(Minggu, 25/08/2019) Ikatan Pelajar dan Mahasiswa Papua (IPMAPA) di Malang menggelar konferensi pers yang membantah hoax mahasiswa Papua di Malang mencari perlindungan ke Front Pembela Islam (FPI) maupun meminta perdamaian. Siswa-siswa Papua yang bersekolah di SMK Negeri 1 Malang ini mengemukakan, “…pada malam itu kami didatangi tamu-tamu yang tidak dikenal dan di situlah kami dipaksa membuat video dan foto bersama mereka. Itu kami disuruh menceritakan keadaan kami yang dialami di sekolah, dan kami cerita semua. Kata mereka, mereka mau buat video ini buat melindungi kita. Tapi di sekitar Bumi Ayu saja, tidak tersebar. Tapi mereka membohongi kita dan video itu sudah tersebar kemana-mana di seluruh Indonesia. Kami tidak tahu apa-apa, kami pelajar baru di sini.
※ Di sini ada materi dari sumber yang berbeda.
lemma canonical_realizer_tightly_realizes:
  assumes "compact_packing P" "finite (radii P)"
  shows "tightly_realizes (canonical_realizer P) (code_of P ` coronas P)"
  unfolding tightly_realizes_coronas_iff
proof (clarify)
  fix C ps assume C: "(C, ps) \<in> coronas P"
  hence "C \<in> P" "set ps \<subseteq> P" "corona C ps" unfolding coronas_def by auto
  hence "\<forall>D\<in>insert C (set ps). canonical_realizer P (label P D) = radius D"
    using label_canonical(2)[OF assms(2)] by blast
  hence "angle_sum (canonical_realizer P) (label P C, map (label P) ps)
      = cyclic_sum (\<lambda>D E. angle_sym (radius C) (radius D) (radius E)) ps"
    unfolding angle_sum_eq_cyclic_sum cyclic_sum_map by (intro cyclic_sum_cong) simp
  thus "angle_sum (canonical_realizer P) (label P C, map (label P) ps) = 2 * pi"
    using corona_angle_sum[OF \<open>corona C ps\<close>] by simp
qed

lemma max_ratio_discs_corona_closed:
  assumes "compact_packing P" "finite (radii P)"
    "\<forall>D\<in>P. \<sigma> (label P D) > 0 \<and> \<tau> (label P D) > 0"
    "tightly_realizes \<sigma> (code_of P ` coronas P)" "tightly_realizes \<tau> (code_of P ` coronas P)"
    "\<forall>D\<in>P. \<sigma> (label P D) / \<tau> (label P D) \<le> L"
  shows "corona_closed {D\<in>P. \<sigma> (label P D) / \<tau> (label P D) = L}"
  unfolding corona_closed_def
proof
  fix C assume "C \<in> {D\<in>P. \<sigma> (label P D) / \<tau> (label P D) = L}"
  hence C: "C \<in> P" "\<sigma> (label P C) / \<tau> (label P C) = L" by auto
  obtain ps where ps: "(C, ps) \<in> coronas P" using assms(1,2) C(1) by (rule coronas_exist)
  hence "set ps \<subseteq> P" "corona C ps" unfolding coronas_def by auto
  moreover have "\<forall>x\<in>set (map (label P) ps). \<sigma> x / \<tau> x = \<sigma> (label P C) / \<tau> (label P C)"
  proof (rule angle_sum_max_ratio)
    show "angle_sum \<sigma> (label P C, map (label P) ps) = angle_sum \<tau> (label P C, map (label P) ps)"
      using assms(4,5) ps unfolding tightly_realizes_coronas_iff by fastforce
  qed (use assms(3,6) C \<open>set ps \<subseteq> P\<close> in auto)
  ultimately show "\<exists>ps. set ps \<subseteq> {D\<in>P. \<sigma> (label P D) / \<tau> (label P D) = L} \<and> corona C ps"
    using C(2) by auto
qed

lemma tight_realizers_proportional:
  assumes "compact_packing P" "finite (radii P)" "n = card (radii P)"
    "\<sigma> \<in> {0..<n} \<rightarrow>\<^sub>E {0<..}" "\<tau> \<in> {0..<n} \<rightarrow>\<^sub>E {0<..}"
    "tightly_realizes \<sigma> (code_of P ` coronas P)" "tightly_realizes \<tau> (code_of P ` coronas P)"
  obtains k where "\<forall>i<n. \<sigma> i = k * \<tau> i"
proof (cases "n = 0")
  case False
  define f where "f i = \<sigma> i / \<tau> i" for i
  define L where "L = Max (f ` {..<n})"
  define \<mu> where "\<mu> = Min (f ` {..<n})"
  have pos: "\<sigma> i > 0" "\<tau> i > 0" if "i < n" for i using assms(4,5) that by (auto simp: PiE_iff)
  have lab: "label P D < n" if "D \<in> P" for D using label_canonical(1)[OF assms(2) that] assms(3) by simp
  have bounds: "\<mu> \<le> f i" "f i \<le> L" if "i < n" for i using that by (simp_all add: L_def \<mu>_def)
  have "L \<in> f ` {..<n}" "\<mu> \<in> f ` {..<n}" using False unfolding L_def \<mu>_def by (auto intro!: Max_in Min_in)
  then obtain i j where ij: "i < n" "f i = L" "j < n" "f j = \<mu>" by auto
  have "\<mu> > 0" using ij(4) pos[OF ij(3)] unfolding f_def by (metis divide_pos_pos)
  define Q where "Q = {D\<in>P. \<sigma> (label P D) / \<tau> (label P D) = L}"
  define Q' where "Q' = {D\<in>P. \<tau> (label P D) / \<sigma> (label P D) = 1 / \<mu>}"
  have "corona_closed Q" unfolding Q_def
    using assms(1,2,6,7) pos lab bounds(2) by (intro max_ratio_discs_corona_closed) (auto simp: f_def)
  moreover have "corona_closed Q'" unfolding Q'_def
  proof (intro max_ratio_discs_corona_closed)
    show "\<forall>D\<in>P. \<tau> (label P D) / \<sigma> (label P D) \<le> 1 / \<mu>"
      using pos lab bounds(1) \<open>\<mu> > 0\<close> by (auto simp: f_def field_simps)
  qed (use assms(1,2,6,7) pos lab in auto)
  moreover obtain Di where "Di \<in> P" "label P Di = i" using label_surj[OF assms(2)] ij(1) assms(3) by blast
  hence "Di \<in> Q" using ij(2) unfolding Q_def f_def by simp
  moreover obtain Dj where "Dj \<in> P" "label P Dj = j" using label_surj[OF assms(2)] ij(3) assms(3) by blast
  hence "Dj \<in> Q'" using ij(4)[symmetric] unfolding Q'_def f_def by simp
  ultimately have "Q \<inter> Q' \<noteq> {}"
    using compact_packing_corona_closed_meet[OF assms(1,2), of Q Q'] unfolding Q_def Q'_def by blast
  then obtain D where D: "D \<in> P" "f (label P D) = L" "\<tau> (label P D) / \<sigma> (label P D) = 1 / \<mu>"
    unfolding Q_def Q'_def f_def by blast
  have "f (label P D) = \<mu>" using D(3) pos[OF lab[OF D(1)]] \<open>\<mu> > 0\<close> by (simp add: f_def field_simps)
  have "\<sigma> i = L * \<tau> i" if "i < n" for i
  proof -
    have "f i = L" using bounds[OF that] D(2) \<open>f (label P D) = \<mu>\<close> by simp
    thus ?thesis using pos[OF that] by (simp add: f_def field_simps)
  qed
  thus ?thesis using that by blast
qed (use that in simp)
Baru satu bulan lebih. Kelas satu SMK…Kami kaget video itu tersebar dan diatasnamakan mahasiswa padahal kami masih pelajar kelas 10 SMK.”
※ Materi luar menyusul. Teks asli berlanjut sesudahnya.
lemma mem_if_hook_in_Theta:
  assumes "subspace P" and closed: "\<And>u v. u \<in> P \<Longrightarrow> v \<in> P \<Longrightarrow> cross u v \<in> P"
    and "a \<in> P" "a \<noteq> 0" and "fmat (hook w) \<in> Theta P"
  shows "w \<in> P"
proof -
  obtain p q where "p \<in> span P" and q: "\<And>x. x \<in> span P \<Longrightarrow> orthogonal q x" and "w = p + q"
    by (rule orthogonal_subspace_decomp_exists[of P w]) blast
  have "p \<in> P"
    using \<open>p \<in> span P\<close> assms(1) by (metis span_eq_iff)
  have q_perp: "q \<bullet> x = 0" if "x \<in> P" for x
    using q[of x] that by (simp add: orthogonal_def span_base)
  define b where "b = cross q a"
  have b_perp: "x \<bullet> b = 0" if "x \<in> P" for x
  proof -
    have "x \<bullet> b = phi a x q"
      using phi_cycle[of q a x] by (simp add: b_def phi_eq_inner_cross inner_commute)
    also have "\<dots> = 0"
      using q_perp[of "cross a x"] closed \<open>a \<in> P\<close> that by (simp add: phi_eq_inner_cross inner_commute)
    finally show ?thesis .
  qed
  have "phi w a b = 0"
    using Theta_vanishes_on_orthogonal[OF closed assms(5) \<open>a \<in> P\<close> b_perp]
      inner_fmat_mult_vec[OF bilinear_hook[of w]]
    by (simp add: hook_def)
  moreover have "phi p a b = 0"
    using b_perp[of "cross p a"] closed \<open>p \<in> P\<close> \<open>a \<in> P\<close> by (simp add: phi_eq_inner_cross inner_commute)
  ultimately have "cross q a \<bullet> cross q a = 0"
    using \<open>w = p + q\<close> by (simp add: phi_eq_inner_cross bilinear_ladd[OF bilinear_cross] inner_add_left b_def)
  then have "q = 0"
    using q_perp[of a] \<open>a \<in> P\<close> \<open>a \<noteq> 0\<close> by (simp add: inner_cross_self)
  then show ?thesis
    using \<open>w = p + q\<close> \<open>p \<in> P\<close> by simp
qed

theorem lemma4p9:
  assumes "associative P"
  shows "Theta P \<inter> Lambda2_7 = {fmat (hook u) | u. u \<in> P}"
proof -
  have "subspace P" and "dim P = 3" and closed: "\<And>u v. u \<in> P \<Longrightarrow> v \<in> P \<Longrightarrow> cross u v \<in> P"
    using assms unfolding associative_def by auto
  have "\<not> P \<subseteq> {0}"
  proof
    assume "P \<subseteq> {0}"
    then have "dim P = 0"
      by simp
    with \<open>dim P = 3\<close> show False
      by simp
  qed
  then obtain a where "a \<in> P" "a \<noteq> 0"
    by blast
  show ?thesis
    unfolding Lambda2_7_def
    using hook_in_Theta[OF \<open>subspace P\<close> _ closed] mem_if_hook_in_Theta[OF \<open>subspace P\<close> closed \<open>a \<in> P\<close> \<open>a \<noteq> 0\<close>]
      \<open>dim P = 3\<close> by auto
qed

end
Lebih lanjut mereka menyatakan, “Situasi di Kota Malang, masih panas, tidak aman. Teman-teman sekolah saya saja menghindari.” Bahkan mereka mengaku mengalami perlakuan rasis yang berupa perkataan salah seorang siswa terhadap mereka: “Kenapa orang-orang monyet sekolah di tanah Jawa ini?”
Dalam klarifikasinya membantah video yang disebarkan FPI itu, mereka bersama para pelajar Papua seMalang Raya menyatakan, “tolak oknum-oknum yang menyebarkan hoax di berbagai social media.”
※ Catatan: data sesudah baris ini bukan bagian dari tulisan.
definition real_analytic_fun :: "(real \<Rightarrow> complex) \<Rightarrow> bool" where
  "real_analytic_fun f \<longleftrightarrow>
     (\<exists>U g. open U \<and> range complex_of_real \<subseteq> U \<and> g holomorphic_on U \<and>
            (\<forall>x. g (complex_of_real x) = f x))"

definition AR :: "(real \<Rightarrow> complex) set" where
  "AR = {f. real_analytic_fun f}"

text \<open>Zero neighbourhoods of the locally convex inductive limit topology
ind_{U} H(U): absolutely convex subsets V of A(R) whose preimage under the
restriction map H(U) -> A(R) is a zero neighbourhood of H(U) (compact-open
topology) for every open U containing the real axis.\<close>

definition AR_zero_nbhd :: "(real \<Rightarrow> complex) set \<Rightarrow> bool" where
  "AR_zero_nbhd V \<longleftrightarrow>
     V \<subseteq> AR \<and>
     (\<forall>f\<in>V. \<forall>g\<in>V. \<forall>u::real. 0 \<le> u \<and> u \<le> 1 \<longrightarrow>
         (\<lambda>x. complex_of_real u * f x + complex_of_real (1 - u) * g x) \<in> V) \<and>
     (\<forall>f\<in>V. \<forall>c::complex. cmod c \<le> 1 \<longrightarrow> (\<lambda>x. c * f x) \<in> V) \<and>
     (\<forall>U. open U \<and> range complex_of_real \<subseteq> U \<longrightarrow>
        (\<exists>K \<epsilon>. compact K \<and> K \<subseteq> U \<and> \<epsilon> > 0 \<and>
           (\<forall>g. g holomorphic_on U \<and> (\<forall>z\<in>K. cmod (g z) < \<epsilon>) \<longrightarrow>
                 (\<lambda>x. g (complex_of_real x)) \<in> V)))"

text \<open>Convergence in A(R) along a filter (the sets L + V form a neighbourhood base at L).\<close>

definition AR_tendsto :: "('b \<Rightarrow> real \<Rightarrow> complex) \<Rightarrow> (real \<Rightarrow> complex) \<Rightarrow> 'b filter \<Rightarrow> bool" where
  "AR_tendsto F L net \<longleftrightarrow>
     (\<forall>V. AR_zero_nbhd V \<longrightarrow> eventually (\<lambda>t. (\<lambda>x. F t x - L x) \<in> V) net)"

definition AR_continuous_linear :: "((real \<Rightarrow> complex) \<Rightarrow> (real \<Rightarrow> complex)) \<Rightarrow> bool" where
  "AR_continuous_linear T \<longleftrightarrow>
     (\<forall>f\<in>AR. T f \<in> AR) \<and>
     (\<forall>f\<in>AR. \<forall>g\<in>AR. T (\<lambda>x. f x + g x) = (\<lambda>x. T f x + T g x)) \<and>
     (\<forall>f\<in>AR. \<forall>c::complex. T (\<lambda>x. c * f x) = (\<lambda>x. c * T f x)) \<and>
     (\<forall>f\<in>AR. \<forall>V. AR_zero_nbhd V \<longrightarrow>
        (\<exists>W. AR_zero_nbhd W \<and> (\<forall>h\<in>W. (\<lambda>x. T (\<lambda>y. f y + h y) x - T f x) \<in> V)))"

definition C0_semigroup :: "(real \<Rightarrow> (real \<Rightarrow> complex) \<Rightarrow> (real \<Rightarrow> complex)) \<Rightarrow> bool" where
  "C0_semigroup T \<longleftrightarrow>
     (\<forall>t\<ge>0. AR_continuous_linear (T t)) \<and>
     (\<forall>t\<ge>0. \<forall>s\<ge>0. \<forall>f\<in>AR. T t (T s f) = T (t + s) f) \<and>
     (\<forall>f\<in>AR. T 0 f = f) \<and>
     (\<forall>f\<in>AR. \<forall>t0\<ge>0. AR_tendsto (\<lambda>t. T t f) (T t0 f) (at t0 within {0..}))"

text \<open>The generator of T has domain A(R) and equals E there: for every f in A(R)
the limit of (T_t f - f)/t as t -> 0+ exists in A(R) and equals E f.\<close>

definition generates_C0 :: "((real \<Rightarrow> complex) \<Rightarrow> (real \<Rightarrow> complex)) \<Rightarrow> bool" where
  "generates_C0 E \<longleftrightarrow>
     (\<exists>T. C0_semigroup T \<and>
        (\<forall>f\<in>AR. AR_tendsto (\<lambda>t. (\<lambda>x. (T t f x - f x) / complex_of_real t)) (E f) (at_right 0)))"

definition euler_op :: "complex \<Rightarrow> complex \<Rightarrow> (real \<Rightarrow> complex) \<Rightarrow> (real \<Rightarrow> complex)" where
  "euler_op a b f = (\<lambda>x. a * complex_of_real x * vector_derivative f (at x) + b * f x)"

end

theory Submission
  imports Defs "HOL-Complex_Analysis.Cauchy_Integral_Formula" "HOL-Computational_Algebra.Polynomial"
begin

text \<open>
  On monomials the Euler operator is diagonal, \<open>E x\<^sup>n = (a n + b) x\<^sup>n\<close>. Since the orbit
  \<open>t \<mapsto> T\<^sub>t x\<^sup>n\<close> of a semigroup generated by \<open>E\<close> is only known to be right
  differentiable, uniqueness for \<open>\<phi>' = (a n + b) \<phi>\<close> is proved for one-sided derivatives;
  it gives \<open>T\<^sub>t p (x) = e\<^sup>b\<^sup>t p (e\<^sup>a\<^sup>t x)\<close> for every polynomial \<open>p\<close>.
  If \<open>a\<close> is not real there are \<open>t \<ge> 0\<close> and a real \<open>x\<^sub>0\<close> with \<open>(e\<^sup>a\<^sup>t x\<^sub>0)\<^sup>2 = -2\<close>.
  The polynomials \<open>(1 - (1 + z\<^sup>2) / N)\<^sup>2\<^sup>j\<close> tend to zero uniformly on compact subsets of the
  strip \<open>\<bar>Im z\<bar> < 1/2\<close>, hence in \<open>A(\<real>)\<close>, while the values of their images under \<open>T\<^sub>t\<close>
  at \<open>x\<^sub>0\<close> have modulus \<open>\<bar>e\<^sup>b\<^sup>t\<bar> (1 + 1/N)\<^sup>2\<^sup>j \<ge> \<bar>e\<^sup>b\<^sup>t\<bar>\<close>, contradicting the
  continuity of \<open>T\<^sub>t\<close>. For real \<open>a\<close> the weighted dilations \<open>f \<mapsto> e\<^sup>b\<^sup>t f (e\<^sup>a\<^sup>t \<cdot>)\<close>
  form the semigroup; every convergence in \<open>A(\<real>)\<close> it requires is uniform convergence on
  compact subsets of one fixed complex neighbourhood of the real line.
\<close>

section \<open>Holomorphic extensions and zero neighbourhoods of \<open>A(\<real>)\<close>\<close>

lemma AR_holomorphic_restriction:
  assumes "open U" "range complex_of_real \<subseteq> U" "g holomorphic_on U"
  shows "(\<lambda>x. g (complex_of_real x)) \<in> AR"
  using assms unfolding AR_def real_analytic_fun_def by blast

lemma AR_holomorphic_extension:
  assumes "f \<in> AR"
  obtains U g where "open U" "range complex_of_real \<subseteq> U" "g holomorphic_on U"
    "f = (\<lambda>x. g (complex_of_real x))"
  using assms unfolding AR_def real_analytic_fun_def by fastforce

lemma AR_entire:
  assumes "g holomorphic_on UNIV"
  shows "(\<lambda>x. g (complex_of_real x)) \<in> AR"
  using assms by (intro AR_holomorphic_restriction) auto

lemma AR_zero [simp]: "(\<lambda>x. 0) \<in> AR"
  using AR_entire[of "\<lambda>z. 0"] by simp

lemma AR_add:
  assumes "f \<in> AR" "g \<in> AR"
  shows "(\<lambda>x. f x + g x) \<in> AR"
proof -
  obtain U1 g1 where 1: "open U1" "range complex_of_real \<subseteq> U1" "g1 holomorphic_on U1"
    "f = (\<lambda>x. g1 (complex_of_real x))" using AR_holomorphic_extension[OF assms(1)] .
  obtain U2 g2 where 2: "open U2" "range complex_of_real \<subseteq> U2" "g2 holomorphic_on U2"
    "g = (\<lambda>x. g2 (complex_of_real x))" using AR_holomorphic_extension[OF assms(2)] .
  have "(\<lambda>x. g1 (complex_of_real x) + g2 (complex_of_real x)) \<in> AR"
    using 1 2 by (intro AR_holomorphic_restriction[of "U1 \<inter> U2"])
      (auto intro!: holomorphic_intros elim: holomorphic_on_subset)
  then show ?thesis using 1 2 by simp
qed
Konferensi pers IPMAPA di Malang juga membantah mahasiswa Papua meminta perdamaian melalui acara Bhineka Tunggal Ika Indah di Bhumi Arema. David Kristian, mahasiswa dari Timika, mengemukakan, “…saya tidak tahu itu adalah event besar yang diliput media. Awalnya hanya diajak saudara pergi makan. Kami makan, berikutnya kami disuruh ke depan untuk makan bersama teman-teman lain. Ternyata ada event besar yang sudah diliput media dan dihadiri tamu undangan pribadi. Pakaian adat sudah disediakan dan agenda sudah di-setting panitia. Sedangkan kawan-kawan Papua di sini tidak terlibat sama sekali sebagai panitia,” ungkapnya. Rizky Mustaqim, mahasiswa Papua lainnya yang berkuliah di Malang mengonfirmasi hal itu. “Terkait acara kita tidak tahu siapa pemrakarsanya. Cuma dikasih tahu lewat media sosial. Tahunya acara makan-makan.” David lebih lanjut menyatakan bahwasanya pernyataan yang dia kemukakan di acara itu hanya opini pribadinya bukan mewakili seluruh mahasiswa Papua.
Franz Huwi dari IPMAPA menegaskan “Sejauh ini sikap mahasiswa Papua seJawa Bali menolak kerjasama dengan pemerintah maupun media-media pendukungnya…tapi kemudian ada aksi-aksi yang muncul di luar koordinasi Ikatan Pelajar dan Mahasiswa Papua seIndonesia. Itu diduga sudah di-setting pemerintah sedemikian rupa. Secara organisasional pemerintah Malang tidak berupaya berkomunikasi dengan kami. Pun kalau mereka mau melakukannya, kami akan menolak. Sebab mereka lah aktor penindasan-penindasan yang berlaku,” ucapnya.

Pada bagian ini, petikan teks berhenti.